> **About this exercise**
Filter these records by the string "close", copying each line that holds it.
----
lemma elem_sub_realizes_implied:
  assumes es: "elem_sub L N C" and satN: "saturated L N \<kappa>"
    and \<kappa>: "Card_order \<kappa>" "regularCard \<kappa>" "\<not> finite (Field \<kappa>)" and I: "|I| <o \<kappa>"
    and c: "c \<in> univ C"
    and implied: "\<And>i. i \<in> I \<Longrightarrow>
      \<exists>Q. finite Q \<and> Q \<subseteq> tp L C [c] (univ N) \<and> (\<forall>a\<in>univ N. realizes C a Q \<longrightarrow> G i a)"
  obtains a where "a \<in> univ N" "\<And>i. i \<in> I \<Longrightarrow> G i a"
proof -
  obtain Q where Q: "\<And>i. i \<in> I \<Longrightarrow> finite (Q i)" "\<And>i. i \<in> I \<Longrightarrow> Q i \<subseteq> tp L C [c] (univ N)"
    "\<And>i a. i \<in> I \<Longrightarrow> a \<in> univ N \<Longrightarrow> realizes C a (Q i) \<Longrightarrow> G i a"
    using implied by metis
  define P where "P = (\<Union>i\<in>I. Q i)"
  define B where "B = (\<Union>i\<in>I. \<Union>(\<phi>, ns)\<in>Q i. set ns)"
  have P_tp: "P \<subseteq> tp L C [c] (univ N)" using Q(2) by (auto simp: P_def)
  have B: "B \<subseteq> univ N" using Q(2) by (fastforce simp: B_def tp_def)
  have B_small: "|B| <o \<kappa>"
    unfolding B_def using Q(1)
    by (intro card_of_UNION_ordLess[OF \<kappa> I] ballI finite_card_of_ordLess[OF \<kappa>(1,3)]) auto
  have P_type: "\<forall>(\<phi>, ns)\<in>P. wf L \<phi> \<and> ns \<in> lists B \<and> fv \<phi> \<subseteq> {..<Suc (length ns)}"
    using P_tp by (fastforce simp: P_def B_def tp_def)
  have P_fs: "\<exists>a\<in>univ N. realizes N a q" if "finite q" "q \<subseteq> P" for q
    using elem_sub_realizes_finite[OF es c] that P_tp by blast
  obtain a where a: "a \<in> univ N" "realizes N a P"
    using saturatedD[OF satN B B_small P_type P_fs] by blast
  have a_C: "realizes C a P" using elem_sub_realizes_tp[OF es a P_tp] .
  show thesis
  proof (rule that[OF a(1)])
    fix i assume i: "i \<in> I"
    then have "realizes C a (Q i)" using realizes_mono[OF a_C] unfolding P_def by blast
    then show "G i a" by (rule Q(3)[OF i a(1)])
  qed
qed

lemma realize_family_with_orthogonal_params:
  fixes \<theta> :: "'i \<Rightarrow> ('f, 'r) fm" and ds l :: "'i \<Rightarrow> 'u list"
  assumes es: "elem_sub L N C" and satN: "saturated L N \<kappa>" and satC: "saturated L C \<mu>"
    and \<kappa>: "Card_order \<kappa>" "regularCard \<kappa>" "|UNIV :: nat set| <o \<kappa>" "|{\<phi>. wf L \<phi>}| <o \<kappa>"
    and \<mu>: "|univ N \<union> A| <o \<mu>" and A: "A \<subseteq> univ C" "|A| <o \<kappa>"
    and orth: "\<forall>as\<in>lists A. tp L C as (univ N) \<in> S_nsp_ge L C N \<kappa>"
    and B: "B \<subseteq> univ N" "|B| <o \<kappa>"
    and fam: "\<And>i. i \<in> I \<Longrightarrow> wf L (\<theta> i) \<and> ds i \<in> lists B \<and> l i \<in> lists A
      \<and> fv (\<theta> i) \<subseteq> {..<Suc (length (ds i) + length (l i))}"
    and fs: "\<And>F. finite F \<Longrightarrow> F \<subseteq> I \<Longrightarrow> \<exists>m\<in>univ N. \<forall>i\<in>F. holds C (\<theta> i) (m # ds i @ l i)"
  obtains c where "c \<in> univ N" "\<And>i. i \<in> I \<Longrightarrow> holds C (\<theta> i) (c # ds i @ l i)"
proof -
  have inf: "\<not> finite (Field \<kappa>)" using infinite_Field_if_nat_ordLess \<kappa> by blast
  have NA: "univ N \<union> A \<subseteq> univ C" using es A(1) by (auto simp: elem_sub_def)
  let ?T = "(\<lambda>i. (\<theta> i, ds i, l i)) ` I" and ?flat = "(\<lambda>i. (\<theta> i, ds i @ l i)) ` I"
  have "|{\<theta>. wf L \<theta>} \<times> lists B \<times> lists A| <o \<kappa>"
    using card_of_lists_ordLess[OF \<kappa>(1-3)] B(2) A(2)
    by (intro card_of_Times_ordLess[OF \<kappa>(1,2) inf \<kappa>(4)] card_of_Times_ordLess[OF \<kappa>(1,2) inf])
  moreover have "?T \<subseteq> {\<theta>. wf L \<theta>} \<times> lists B \<times> lists A" using fam by auto
  ultimately have T_small: "|?T| <o \<kappa>" by (rule card_of_subset_ordLess[rotated])
  have "?flat = (\<lambda>(\<theta>, ds, l). (\<theta>, ds @ l)) ` ?T" by (simp add: image_image)
  then have flat_small: "|?flat| <o \<kappa>" using card_of_image_ordLess[OF T_small] by simp
  have flat_type: "\<forall>(\<phi>, ns)\<in>?flat. wf L \<phi> \<and> ns \<in> lists (univ N \<union> A) \<and> fv \<phi> \<subseteq> {..<Suc (length ns)}"
    using fam B(1) by fastforce
  have flat_fs: "\<exists>m\<in>univ N. realizes C m q" if q: "finite q" "q \<subseteq> ?flat" for q
  proof -
    obtain F where "F \<subseteq> I" "finite F" "q = (\<lambda>i. (\<theta> i, ds i @ l i)) ` F"
      using finite_subset_image[OF q] by blast
    then show ?thesis using fs[of F] by (auto simp: realizes_def)
  qed
  obtain c where c: "c \<in> univ C" "realizes C c ?flat" "tp L C [c] (univ N) \<in> S_nsp_lt L C N \<kappa>"
    using nonsplitting_realization[OF es satC \<kappa>(1-3) NA \<mu> Un_upper1 flat_type flat_small flat_fs]
    by blast
  define G where "G t a \<longleftrightarrow> holds C (fst t) (a # fst (snd t) @ snd (snd t))" for t a
  have "\<exists>Q. finite Q \<and> Q \<subseteq> tp L C [c] (univ N) \<and> (\<forall>a\<in>univ N. realizes C a Q \<longrightarrow> G t a)"
    if "t \<in> ?T" for t
  proof -
    obtain i where i: "i \<in> I" "t = (\<theta> i, ds i, l i)" using \<open>t \<in> ?T\<close> by blast
    have wo: "weakly_orthogonal L C (univ N) (tp L C (l i) (univ N)) (tp L C [c] (univ N))"
      using orth fam[OF i(1)] c(3) unfolding S_nsp_ge_def by blast
    have holds_c: "holds C (\<theta> i) (c # ds i @ l i)"
      using c(2) i(1) unfolding realizes_def by blast
    have \<theta>: "wf L (\<theta> i)" "ds i \<in> lists (univ N)" "l i \<in> lists (univ N \<union> A)"
      "fv (\<theta> i) \<subseteq> {..<Suc (length (ds i) + length (l i))}"
      using fam[OF i(1)] B(1) by auto
    obtain Q where "finite Q" "Q \<subseteq> tp L C [c] (univ N)"
      "\<And>c'. c' \<in> univ C \<Longrightarrow> realizes C c' Q \<Longrightarrow> holds C (\<theta> i) (c' # ds i @ l i)"
      using weakly_orthogonal_isolates[OF satC NA \<mu> Un_upper1 wo c(1) \<theta>(3,1,2,4) holds_c] by blast
    then show ?thesis using es i(2) by (auto simp: elem_sub_def G_def)
  qed
  then obtain a where "a \<in> univ N" "\<And>t. t \<in> ?T \<Longrightarrow> G t a"
    using elem_sub_realizes_implied[where G = G, OF es satN \<kappa>(1,2) inf T_small c(1)] by blast
  then show thesis using that unfolding G_def by auto
qed
(* Let $\mathscr{H}$ be a complex Hilbert space and $A\in\mathbb{B}(\mathscr{H})$. Then $$\frac{1}{4}\, w^2\left(|A|+i|A^*|\right)+\frac{1}{8}\left\||A|^2+|A^*|^2\right\|+\frac{1}{4}\,w\left(|A||A^*|\right)\leq \frac{1}{2}\left\|A^*A+AA^*\right\|.$$
   Context: $\mathbb{B}(\mathscr{H})$ denotes the algebra of bounded linear operators on $\mathscr{H}$; $\|\cdot\|$ is the operator norm. For $T\in\mathbb{B}(\mathscr{H})$, $|T|=(T^*T)^{1/2}$, and $w(T)=\sup\{|\langle Tx,x\rangle|: \|x\|=1\}$ is the numerical radius. *)

theory Defs
  imports "HOL-Analysis.Analysis"
begin

class complex_inner = real_normed_vector +
  fixes scaleC :: "complex \<Rightarrow> 'a \<Rightarrow> 'a"
    and cinner :: "'a \<Rightarrow> 'a \<Rightarrow> complex"
  assumes scaleC_add_right: "scaleC a (x + y) = scaleC a x + scaleC a y"
    and scaleC_add_left: "scaleC (a + b) x = scaleC a x + scaleC b x"
    and scaleC_scaleC: "scaleC a (scaleC b x) = scaleC (a * b) x"
    and scaleC_one: "scaleC 1 x = x"
    and scaleR_scaleC: "scaleR r x = scaleC (complex_of_real r) x"
    and cinner_commute: "cinner x y = cnj (cinner y x)"
    and cinner_add_left: "cinner (x + y) z = cinner x z + cinner y z"
    and cinner_scaleC_left: "cinner (scaleC c x) y = c * cinner x y"
    and cinner_self_real: "Im (cinner x x) = 0"
    and cinner_self_nonneg: "0 \<le> Re (cinner x x)"
    and cinner_self_eq_zero: "cinner x x = 0 \<longleftrightarrow> x = 0"
    and norm_eq_sqrt_cinner: "norm x = sqrt (Re (cinner x x))"

class chilbert_space = complex_inner + complete_space

definition bounded_clinear :: "('a::complex_inner \<Rightarrow> 'b::complex_inner) \<Rightarrow> bool" where
  "bounded_clinear T \<longleftrightarrow> bounded_linear T \<and> (\<forall>c x. T (scaleC c x) = scaleC c (T x))"

definition adj :: "('a::chilbert_space \<Rightarrow> 'a) \<Rightarrow> ('a \<Rightarrow> 'a)" where
  "adj T = (THE S. bounded_clinear S \<and> (\<forall>x y. cinner (T x) y = cinner x (S y)))"

definition positive_op :: "('a::chilbert_space \<Rightarrow> 'a) \<Rightarrow> bool" where
  "positive_op S \<longleftrightarrow> bounded_clinear S \<and> (\<forall>x. Im (cinner (S x) x) = 0 \<and> 0 \<le> Re (cinner (S x) x))"

definition absop :: "('a::chilbert_space \<Rightarrow> 'a) \<Rightarrow> ('a \<Rightarrow> 'a)" where
  "absop T = (THE S. positive_op S \<and> S \<circ> S = adj T \<circ> T)"

text \<open>Numerical radius w(T) = sup {|<Tx,x>| : ||x|| = 1}, written as a supremum of
  |<Tx,x>| / ||x||^2 over all x (value 0 at x = 0), in the style of onorm.\<close>
definition numrad :: "('a::chilbert_space \<Rightarrow> 'a) \<Rightarrow> real" where
  "numrad T = (SUP x. cmod (cinner (T x) x) / (norm x)\<^sup>2)"

end

theory Submission
  imports Defs
begin
lemma compatible_support_recurrent_part:
  assumes "compatible UNIV (ikern A \<theta> P) \<mu>"
  shows "measure \<mu> {x. \<forall>n. x n \<in> recurrent_part A P} = 1"
proof -
  let ?R = "recurrent_part A P"
  have "prob_space \<mu>" and sets_\<mu>: "sets \<mu> = sets path_space"
    and cond_exp: "\<And>n g. AE x in \<mu>. real_cond_exp \<mu> (past_alg n) (indicator {y. y n = g}) x
        = ikern A \<theta> P g (past_of x n)"
    using assms by (auto simp: compatible_def)
  interpret prob_space \<mu>
    by fact
  define b where "b i = (SUP m. measure \<mu> {x. x m = i})" for i
  have bound: "measure \<mu> {x. x m = i} \<le> b i" for m i
    unfolding b_def by (rule cSUP_upper) (auto intro: bdd_aboveI[of _ 1])
  have b_nonneg: "0 \<le> b i" for i
    using bound[of 0 i] measure_nonneg[of \<mu>] by (meson order_trans)
  have subinvariant: "b g \<le> (\<Sum>i\<in>-?R. b i * mixture A \<theta> P i g)" if "g \<in> -?R" for g
  proof -
    have "(\<Sum>i\<in>UNIV. b i * mixture A \<theta> P i g) = (\<Sum>i\<in>-?R. b i * mixture A \<theta> P i g)"
      by (rule sum.mono_neutral_right) (use that in \<open>auto simp: mixture_no_exit\<close>)
    then have "measure \<mu> {x. x m = g} \<le> (\<Sum>i\<in>-?R. b i * mixture A \<theta> P i g)" for m
      using marginal_le_mixture[OF \<open>prob_space \<mu>\<close> sets_\<mu> cond_exp[of m g] bound] by simp
    then show ?thesis
      unfolding b_def[of g] by (intro cSUP_least) auto
  qed
  have b_zero: "b i = 0" if "i \<in> -?R" for i
    using stochastic_mixture b_nonneg subinvariant transient_escapes that
    by (rule subinvariant_vanishes)
  have "AE x in \<mu>. x \<notin> {y. y m = i}" if "i \<in> -?R" for m i
    using bound[of m i] b_zero[OF that] prob_eq_0[of "{y. y m = i}"] sets_\<mu>
      path_cylinder_in_sets[of m i]
    by (simp add: measure_le_0_iff)
  then have "AE x in \<mu>. \<forall>m. \<forall>i\<in>-?R. x \<notin> {y. y m = i}"
    by (simp add: AE_all_countable AE_finite_all)
  then have "AE x in \<mu>. x \<in> {y. \<forall>m. y m \<in> ?R}"
    by eventually_elim auto
  then show ?thesis
    using prob_eq_1[of "{x. \<forall>n. x n \<in> ?R}"] sets_\<mu> path_support_in_sets[of ?R] by simp
qed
----
> **Exercise response**
    obtain i where i: "i \<in> I" "t = (\<theta> i, ds i, l i)" using \<open>t \<in> ?T\<close> by blast
  |<Tx,x>| / ||x||^2 over all x (value 0 at x = 0), in the style of onorm.\<close>
      by (rule sum.mono_neutral_right) (use that in \<open>auto simp: mixture_no_exit\<close>)
      using marginal_le_mixture[OF \<open>prob_space \<mu>\<close> sets_\<mu> cond_exp[of m g] bound] by simp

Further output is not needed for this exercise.